THE DATA:
theorem proposition3:
  fixes x0 y0 :: real
    and \<phi> \<phi>x \<phi>xy \<theta> :: "real \<times> real \<Rightarrow> real"
    and U Up Vm Um Vp Uhp Vhm Uhm Vhp :: "real \<Rightarrow> real \<Rightarrow> complex \<Rightarrow> cmat"
    and \<Omega> :: "(real \<times> real) set"
  defines "D \<equiv> {0..x0} \<times> {0..y0}"
  defines "Uh \<equiv> (\<lambda>x y lam. matrix_inv (rot (\<theta> (0,0))) ** U x y lam ** rot (\<theta> (x,y)))"
  assumes x0: "x0 > 0" and y0: "y0 > 0"
    and phi_smooth: "smooth2_on D \<phi>"
    and phi_x: "\<And>x y. (x,y) \<in> D \<Longrightarrow>
        ((\<lambda>s. \<phi> (s, y)) has_real_derivative \<phi>x (x,y)) (at x within {0..x0})"
    and phi_xy: "\<And>x y. (x,y) \<in> D \<Longrightarrow>
        ((\<lambda>t. \<phi>x (x, t)) has_real_derivative \<phi>xy (x,y)) (at y within {0..y0})"
    and sine_Gordon: "\<And>p. p \<in> D \<Longrightarrow> \<phi>xy p = sin (\<phi> p)"
    and frame_x: "\<And>x y lam. (x,y) \<in> D \<Longrightarrow> lam \<noteq> 0 \<Longrightarrow>
        ((\<lambda>s. U s y lam) has_vector_derivative
           (U x y lam ** cscale (\<i> / 2) (mat2 (of_real (\<phi>x (x,y))) (- lam) (- lam) (- of_real (\<phi>x (x,y))))))
        (at x within {0..x0})"
    and frame_y: "\<And>x y lam. (x,y) \<in> D \<Longrightarrow> lam \<noteq> 0 \<Longrightarrow>
        ((\<lambda>t. U x t lam) has_vector_derivative
           (U x y lam ** cscale (\<i> / 2 * inverse lam)
              (mat2 0 (exp (- \<i> * of_real (\<phi> (x,y)))) (exp (\<i> * of_real (\<phi> (x,y)))) 0)))
        (at y within {0..y0})"
    and frame_init: "\<And>lam. lam \<noteq> 0 \<Longrightarrow> U 0 0 lam = mat 1"
    and theta_smooth: "smooth2_on D \<theta>"
    and Omega_open: "open \<Omega>" and Omega_sub: "\<Omega> \<subseteq> D"
    and fact_loops: "\<And>x y. (x,y) \<in> \<Omega> \<Longrightarrow>
        loop_plus_star (Up x y) \<and> loop_minus (Vm x y) \<and>
        loop_minus_star (Um x y) \<and> loop_plus (Vp x y) \<and>
        loop_plus_star (Uhp x y) \<and> loop_minus (Vhm x y) \<and>
        loop_minus_star (Uhm x y) \<and> loop_plus (Vhp x y)"
    and fact_eqs: "\<And>x y lam. (x,y) \<in> \<Omega> \<Longrightarrow> lam \<noteq> 0 \<Longrightarrow>
        U x y lam = Up x y lam ** Vm x y lam \<and> U x y lam = Um x y lam ** Vp x y lam \<and>
        Uh x y lam = Uhp x y lam ** Vhm x y lam \<and> Uh x y lam = Uhm x y lam ** Vhp x y lam"
    and fact_smooth: "\<And>lam. lam \<noteq> 0 \<Longrightarrow>
        smooth2_on \<Omega> (\<lambda>p. Up (fst p) (snd p) lam) \<and> smooth2_on \<Omega> (\<lambda>p. Vm (fst p) (snd p) lam) \<and>
        smooth2_on \<Omega> (\<lambda>p. Um (fst p) (snd p) lam) \<and> smooth2_on \<Omega> (\<lambda>p. Vp (fst p) (snd p) lam) \<and>
        smooth2_on \<Omega> (\<lambda>p. Uhp (fst p) (snd p) lam) \<and> smooth2_on \<Omega> (\<lambda>p. Vhm (fst p) (snd p) lam) \<and>
        smooth2_on \<Omega> (\<lambda>p. Uhm (fst p) (snd p) lam) \<and> smooth2_on \<Omega> (\<lambda>p. Vhp (fst p) (snd p) lam)"
  shows "\<forall>x y lam. (x,y) \<in> \<Omega> \<and> lam \<noteq> 0 \<longrightarrow>
      cscale (- inverse lam) (matrix_inv (Uhp x y lam) ** partial_x Uhp x y lam)
        = matrix_inv (rot (\<theta> (0,0))) ** cscale (- inverse lam) (matrix_inv (Up x y lam) ** partial_x Up x y lam) ** rot (\<theta> (0,0))
    \<and> cscale (- lam) (matrix_inv (Uhm x y lam) ** partial_y Uhm x y lam)
        = matrix_inv (rot (\<theta> (0,0))) ** cscale (- lam) (matrix_inv (Um x y lam) ** partial_y Um x y lam) ** rot (\<theta> (0,0))"
proof (intro allI impI, goal_cases)
  case (1 x y lam)
  then have xy: "(x, y) \<in> \<Omega>" and lam: "lam \<noteq> 0"
    by auto
  define t where "t = \<theta> (0, 0)"
  have "Uhp a b lam = rot (- t) ** Up a b lam ** rot t"
    and "Uhm a b lam = rot (- t) ** Um a b lam ** rot t" if "(a, b) \<in> \<Omega>" for a b
    using fact_loops[OF that] fact_eqs[OF that] lam unfolding Uh_def t_def matrix_inv_rot
    by (blast intro: birkhoff_plus_factor_gauge[where U = "U a b" and b = "\<theta> (a, b)"],
        blast intro: birkhoff_minus_factor_gauge[where U = "U a b" and b = "\<theta> (a, b)"])
  moreover have "invertible (Up x y lam)" "invertible (Um x y lam)"
    using fact_loops[OF xy] lam
    by (simp_all add: invertible_det_1 loop_plus_det loop_minus_det loop_plus_star_imp_loop_plus
        loop_minus_star_imp_loop_minus)
  ultimately show ?case
    using fact_smooth[OF lam] unfolding t_def[symmetric] matrix_inv_rot
    by (simp add: maurer_cartan_x_conj[OF Omega_open xy] maurer_cartan_y_conj[OF Omega_open xy]
        rot_inverse)
qed

end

WHAT TO DO: Retype every line of the data above exactly.

ANSWER BELOW:
theorem proposition3:
  fixes x0 y0 :: real
    and \<phi> \<phi>x \<phi>xy \<theta> :: "real \<times> real \<Rightarrow> real"
    and U Up Vm Um Vp Uhp Vhm Uhm Vhp :: "real \<Rightarrow> real \<Rightarrow> complex \<Rightarrow> cmat"
    and \<Omega> :: "(real \<times> real) set"
  defines "D \<equiv> {0..x0} \<times> {0..y0}"
  defines "Uh \<equiv> (\<lambda>x y lam. matrix_inv (rot (\<theta> (0,0))) ** U x y lam ** rot (\<theta> (x,y)))"
  assumes x0: "x0 > 0" and y0: "y0 > 0"
    and phi_smooth: "smooth2_on D \<phi>"
    and phi_x: "\<And>x y. (x,y) \<in> D \<Longrightarrow>
        ((\<lambda>s. \<phi> (s, y)) has_real_derivative \<phi>x (x,y)) (at x within {0..x0})"
    and phi_xy: "\<And>x y. (x,y) \<in> D \<Longrightarrow>
        ((\<lambda>t. \<phi>x (x, t)) has_real_derivative \<phi>xy (x,y)) (at y within {0..y0})"
    and sine_Gordon: "\<And>p. p \<in> D \<Longrightarrow> \<phi>xy p = sin (\<phi> p)"
    and frame_x: "\<And>x y lam. (x,y) \<in> D \<Longrightarrow> lam \<noteq> 0 \<Longrightarrow>
        ((\<lambda>s. U s y lam) has_vector_derivative
           (U x y lam ** cscale (\<i> / 2) (mat2 (of_real (\<phi>x (x,y))) (- lam) (- lam) (- of_real (\<phi>x (x,y))))))
        (at x within {0..x0})"
    and frame_y: "\<And>x y lam. (x,y) \<in> D \<Longrightarrow> lam \<noteq> 0 \<Longrightarrow>
        ((\<lambda>t. U x t lam) has_vector_derivative
           (U x y lam ** cscale (\<i> / 2 * inverse lam)
              (mat2 0 (exp (- \<i> * of_real (\<phi> (x,y)))) (exp (\<i> * of_real (\<phi> (x,y)))) 0)))
        (at y within {0..y0})"
    and frame_init: "\<And>lam. lam \<noteq> 0 \<Longrightarrow> U 0 0 lam = mat 1"
    and theta_smooth: "smooth2_on D \<theta>"
    and Omega_open: "open \<Omega>" and Omega_sub: "\<Omega> \<subseteq> D"
    and fact_loops: "\<And>x y. (x,y) \<in> \<Omega> \<Longrightarrow>
        loop_plus_star (Up x y) \<and> loop_minus (Vm x y) \<and>
        loop_minus_star (Um x y) \<and> loop_plus (Vp x y) \<and>
        loop_plus_star (Uhp x y) \<and> loop_minus (Vhm x y) \<and>
        loop_minus_star (Uhm x y) \<and> loop_plus (Vhp x y)"
    and fact_eqs: "\<And>x y lam. (x,y) \<in> \<Omega> \<Longrightarrow> lam \<noteq> 0 \<Longrightarrow>
        U x y lam = Up x y lam ** Vm x y lam \<and> U x y lam = Um x y lam ** Vp x y lam \<and>
        Uh x y lam = Uhp x y lam ** Vhm x y lam \<and> Uh x y lam = Uhm x y lam ** Vhp x y lam"
    and fact_smooth: "\<And>lam. lam \<noteq> 0 \<Longrightarrow>
        smooth2_on \<Omega> (\<lambda>p. Up (fst p) (snd p) lam) \<and> smooth2_on \<Omega> (\<lambda>p. Vm (fst p) (snd p) lam) \<and>
        smooth2_on \<Omega> (\<lambda>p. Um (fst p) (snd p) lam) \<and> smooth2_on \<Omega> (\<lambda>p. Vp (fst p) (snd p) lam) \<and>
        smooth2_on \<Omega> (\<lambda>p. Uhp (fst p) (snd p) lam) \<and> smooth2_on \<Omega> (\<lambda>p. Vhm (fst p) (snd p) lam) \<and>
        smooth2_on \<Omega> (\<lambda>p. Uhm (fst p) (snd p) lam) \<and> smooth2_on \<Omega> (\<lambda>p. Vhp (fst p) (snd p) lam)"
  shows "\<forall>x y lam. (x,y) \<in> \<Omega> \<and> lam \<noteq> 0 \<longrightarrow>
      cscale (- inverse lam) (matrix_inv (Uhp x y lam) ** partial_x Uhp x y lam)
        = matrix_inv (rot (\<theta> (0,0))) ** cscale (- inverse lam) (matrix_inv (Up x y lam) ** partial_x Up x y lam) ** rot (\<theta> (0,0))
    \<and> cscale (- lam) (matrix_inv (Uhm x y lam) ** partial_y Uhm x y lam)
        = matrix_inv (rot (\<theta> (0,0))) ** cscale (- lam) (matrix_inv (Um x y lam) ** partial_y Um x y lam) ** rot (\<theta> (0,0))"
proof (intro allI impI, goal_cases)
  case (1 x y lam)
  then have xy: "(x, y) \<in> \<Omega>" and lam: "lam \<noteq> 0"
    by auto
  define t where "t = \<theta> (0, 0)"
  have "Uhp a b lam = rot (- t) ** Up a b lam ** rot t"
    and "Uhm a b lam = rot (- t) ** Um a b lam ** rot t" if "(a, b) \<in> \<Omega>" for a b
    using fact_loops[OF that] fact_eqs[OF that] lam unfolding Uh_def t_def matrix_inv_rot
    by (blast intro: birkhoff_plus_factor_gauge[where U = "U a b" and b = "\<theta> (a, b)"],
        blast intro: birkhoff_minus_factor_gauge[where U = "U a b" and b = "\<theta> (a, b)"])
  moreover have "invertible (Up x y lam)" "invertible (Um x y lam)"
    using fact_loops[OF xy] lam
    by (simp_all add: invertible_det_1 loop_plus_det loop_minus_det loop_plus_star_imp_loop_plus
        loop_minus_star_imp_loop_minus)
  ultimately show ?case
    using fact_smooth[OF lam] unfolding t_def[symmetric] matrix_inv_rot
    by (simp add: maurer_cartan_x_conj[OF Omega_open xy] maurer_cartan_y_conj[OF Omega_open xy]
        rot_inverse)
qed

end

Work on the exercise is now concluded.